I am a Junior flyer from the WOC club in the 
395 Concourse my dad also flys but our bird will be split into sepret lofts soon and i would like to know feeding systems for my birds because i have never done this befor so i could realy use peoples help and advice


----------



## TheLaw818 (Mar 12, 2012)

I feed once a day right after loft flying or training toss. For every 6-8 birds I give one scoop (1 cup). This helps so much when I call them in... They fly to my call, hope this helps


----------



## Pollo70 (Jan 3, 2012)

I use the same system been working for years  once the birds are kitting and routing the seem to come down on command and trap with no hesitation


----------



## realtalk72 (Nov 7, 2009)

Try The Mike Ganus 123 System Do Your Research With Other Club Members And See Who Doing Well And You Should Be Fine...


----------



## sunshineracinglofts (Sep 1, 2011)

i feed once a day after train or toss i feed them until a few birds go to drink, i do this until tossing/racing starts, and then they are nice and trained to my whistle.... once racing starts i feed them a little bit in the morning ( id say 1/3 ration)already in the feeder when they get home from toss... when i get home from work,loft fly them with flagging for about 45 min-1 hr, call them in, man they will be trapping hard and hauling ass in!! give them food until a group of 5 or 6 starts drinking water. 

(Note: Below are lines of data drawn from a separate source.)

(* Let $q$ be a prime power, $m\ge 1$, $1\le k\le n$, let $g_1,\dots,g_n\in\mathbb{F}_{q^m}$ be linearly independent over $\mathbb{F}_q$, let $\mathbf g=(g_1,\dots,g_n)$, let $C$ be the Gabidulin code defined below, and let $\mathbf r\in\mathbb{F}_{q^m}^n$ be a received word. Then Algorithm 1 (described in the context), run on $k,n,\mathbf g,\mathbf r$, returns a list whose elements are exactly the message polynomials $m(x)$ ($m\in\mathcal{L}_q(x,q^m)$, $\mathrm{qdeg}(m)<k$) of all codewords $\mathbf c=(m(g_1),\dots,m(g_n))\in C$ that are closest to $\mathbf r$ in the rank distance, i.e. with $d_R(\mathbf c,\mathbf r)=\min_{\mathbf c'\in C}d_R(\mathbf c',\mathbf r)$.
   Context: Write $[i]:=q^i$. A $q$-linearized polynomial over $\mathbb{F}_{q^m}$ is $f(x)=\sum_{i=0}^{d}a_ix^{[i]}$ with $a_i\in\mathbb{F}_{q^m}$; if $a_d\ne0$ then $d=\mathrm{qdeg}(f)$ is its $q$-degree ($\mathrm{qdeg}(0)=-\infty$), and $f$ is monic if $a_d=1$. The set $\mathcal{L}_q(x,q^m)$ of such polynomials is a (noncommutative) ring under addition and composition $f\circ g=f(g(x))$. For $\mathbb{F}_q$-linearly independent $g_1,\dots,g_n$, $\Pi_{\mathbf g}(x)=\prod_{u\in\langle g_1,\dots,g_n\rangle}(x-u)$ ($\mathbb{F}_q$-linear span) is the $q$-annihilator polynomial; it lies in $\mathcal{L}_q(x,q^m)$ and has $q$-degree $n$. For $\mathbf r=(r_1,\dots,r_n)$, the $q$-Lagrange polynomial is $\Lambda_{\mathbf g,\mathbf r}(x)=\sum_{i=1}^n(-1)^{n-i}r_i\det(\mathfrak D_i(\mathbf g,x))/\det(M_n(g_1,\dots,g_n))$, where $M_n(v_1,\dots,v_s)$ is the $n\times s$ matrix with $(j,l)$ entry $v_l^{[j-1]}$ and $\mathfrak D_i(\mathbf g,x)$ is $M_n(g_1,\dots,g_n,x)$ with the $i$-th column removed; it lies in $\mathcal{L}_q(x,q^m)$, has $q$-degree less than $n$ and satisfies $\Lambda_{\mathbf g,\mathbf r}(g_i)=r_i$. The Gabidulin code is $C=\{(m(g_1),\dots,m(g_n)) : m\in\mathcal{L}_q(x,q^m),\ \mathrm{qdeg}(m)<k\}$, $m$ being the message polynomial of the codeword. The rank distance $d_R(\mathbf a,\mathbf b)$ of $\mathbf a,\mathbf b\in\mathbb{F}_{q^m}^n$ is the $\mathbb{F}_q$-rank of the $m\times n$ matrix over $\mathbb{F}_q$ obtained by expanding each coordinate of $\mathbf a-\mathbf b$ in a fixed $\mathbb{F}_q$-basis of $\mathbb{F}_{q^m}$. $\mathcal{L}_q(x,q^m)^2$ is a left module via $h\circ[f_1\ f_2]=[h\circ f_1\ \ h\circ f_2]$. The interpolation module $\mathfrak M(\mathbf r)$ is the set of all $\beta\circ[\Pi_{\mathbf g}(x)\ \ 0]+\gamma\circ[-\Lambda_{\mathbf g,\mathbf r}(x)\ \ x]$ with $\beta,\gamma\in\mathcal{L}_q(x,q^m)$. Monomials are $x^{[i]}e_j$ ($x^{[i]}$ in coordinate $j\in\{1,2\}$). The $(0,k-1)$-weighted term-over-position order: with $w_1=0,w_2=k-1$, $x^{[i_1]}e_{j_1}<x^{[i_2]}e_{j_2}$ iff $i_1+w_{j_1}<i_2+w_{j_2}$, or $i_1+w_{j_1}=i_2+w_{j_2}$ and $j_1<j_2$. The leading monomial $\mathrm{lm}(f)$ of a nonzero $f$ is its largest monomial (with nonzero coefficient), the leading term $\mathrm{lt}(f)$ is that monomial with its coefficient, and the leading position $\mathrm{lpos}(f)$ is its coordinate $j$. The weighted $q$-degree of $[f_1\ f_2]$ is $\max\{\mathrm{qdeg}(f_1),\mathrm{qdeg}(f_2)+k-1\}$. A basis of a submodule is a generating set whose elements are linearly independent ($\sum a_i\circ f^{(i)}=0$ with $a_i\in\mathcal{L}_q(x,q^m)$ implies all $a_i=0$). For nonzero $f^{(1)},\dots,f^{(s)}$, $f$ reduces modulo $F=\{f^{(1)},\dots,f^{(s)}\}$ in one step if $h=f-\sum_{i}(b_ix^{[a_i]})\circ f^{(i)}$ (sum over some of the $f^{(i)}$) with $\mathrm{lm}(f)=x^{[a_i]}\circ\mathrm{lm}(f^{(i)})$ for each such $i$ and $\mathrm{lt}(f)=\sum_i(b_ix^{[a_i]})\circ\mathrm{lt}(f^{(i)})$; $f$ is minimal w.r.t. $F$ if it cannot be so reduced. A basis $B$ is minimal if each $b\in B$ is minimal w.r.t. $B\setminus\{b\}$. Algorithm 1 (input $k,n,\mathbf g,\mathbf r$): (1) compute $\Pi_{\mathbf g},\Lambda_{\mathbf g,\mathbf r}$ and form $\mathfrak M(\mathbf r)$; (2) compute a minimal basis $\{b^{(1)},b^{(2)}\}$ of $\mathfrak M(\mathbf r)$ w.r.t. the $(0,k-1)$-weighted term-over-position order with $\mathrm{lpos}(b^{(1)})=1$, $\mathrm{lpos}(b^{(2)})=2$; (3) let $\ell_1,\ell_2$ be the weighted $q$-degrees of $b^{(1)},b^{(2)}$; (4) set list $:=$ empty, $j:=0$; while list is empty: for every $\beta\in\mathcal{L}_q(x,q^m)$ with $\mathrm{qdeg}(\beta)\le\ell_2-\ell_1+j$ and every monic $\gamma\in\mathcal{L}_q(x,q^m)$ with $\mathrm{qdeg}(\gamma)=j$, put $f=[f_1\ f_2]:=\beta\circ b^{(1)}+\gamma\circ b^{(2)}$, and if there is $m\in\mathcal{L}_q(x,q^m)$ with $f_1(x)=-f_2(m(x))$, add $m$ to the list; then $j:=j+1$. Return the list. *)

theory Defs
  imports "HOL-Computational_Algebra.Polynomial" "HOL-Computational_Algebra.Primes"
    "Jordan_Normal_Form.Determinant" "HOL-Library.Cardinality"
begin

note: i put in extra safflour into my morning mix, because the birds love it. I train pretty hard and fat is good. This i believe is going to have them racing home on the training toss so they can be the first ones for the tasty safflour . I like the idea of feeding 1/3 ration too, because if you lag, you get no food until the evening. IMO it tells you who is healthy or not.

With this method, you will never have slow trapping birds!! from there first trap to trapping during race season, they will be trapping lighting fast. This becomes a habit, and when they hear my whistle they come hauling ass! This i think is important so in the longer races as old birds and the longer young bird races, races when you want your birds to be nice and fed, they will still trap fast for you. You dont want to have to starve them to get them trapped on the long races.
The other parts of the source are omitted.